theorem mainTheorem8:
  shows "(\<forall>n::nat. n \<ge> 1 \<longrightarrow>
           expected_sink_degree n =
             (1 + sqrt 2) / 2 * ((real n + sqrt 2 - 2) gchoose (n - 1))
           - (sqrt 2 - 1) / 2 * ((real n - sqrt 2 - 2) gchoose (n - 1)))
       \<and> (\<lambda>n. expected_sink_degree n) \<sim>[at_top]
           (\<lambda>n. (1 + sqrt 2) / 2 * (real n powr (sqrt 2 - 1) / Gamma (sqrt 2)))"
proof (intro conjI allI impI)
  fix n :: nat
  assume "n \<ge> 1"
  then obtain k where n: "n = Suc k"
    using not0_implies_Suc by fastforce
  have "real (Suc k) + sqrt 2 - 2 = real k + (sqrt 2 - 1)"
    and "real (Suc k) - sqrt 2 - 2 = real k + (- sqrt 2 - 1)" and "Suc k - 1 = k"
    by simp_all
  then show "expected_sink_degree n =
             (1 + sqrt 2) / 2 * ((real n + sqrt 2 - 2) gchoose (n - 1))
           - (sqrt 2 - 1) / 2 * ((real n - sqrt 2 - 2) gchoose (n - 1))"
    unfolding n by (simp only: expected_sink_degree_Suc)
next
  show "(\<lambda>n. expected_sink_degree n) \<sim>[at_top]
           (\<lambda>n. (1 + sqrt 2) / 2 * (real n powr (sqrt 2 - 1) / Gamma (sqrt 2)))"
    using expected_sink_degree_Suc_asymp_equiv
    by (rule asymp_equiv_sequentially_Suc_iff[THEN iffD1])
qed

end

• • • • •

When a line in the material contains the string "gchoose", copy that line.

             (1 + sqrt 2) / 2 * ((real n + sqrt 2 - 2) gchoose (n - 1))
           - (sqrt 2 - 1) / 2 * ((real n - sqrt 2 - 2) gchoose (n - 1)))
             (1 + sqrt 2) / 2 * ((real n + sqrt 2 - 2) gchoose (n - 1))
           - (sqrt 2 - 1) / 2 * ((real n - sqrt 2 - 2) gchoose (n - 1))"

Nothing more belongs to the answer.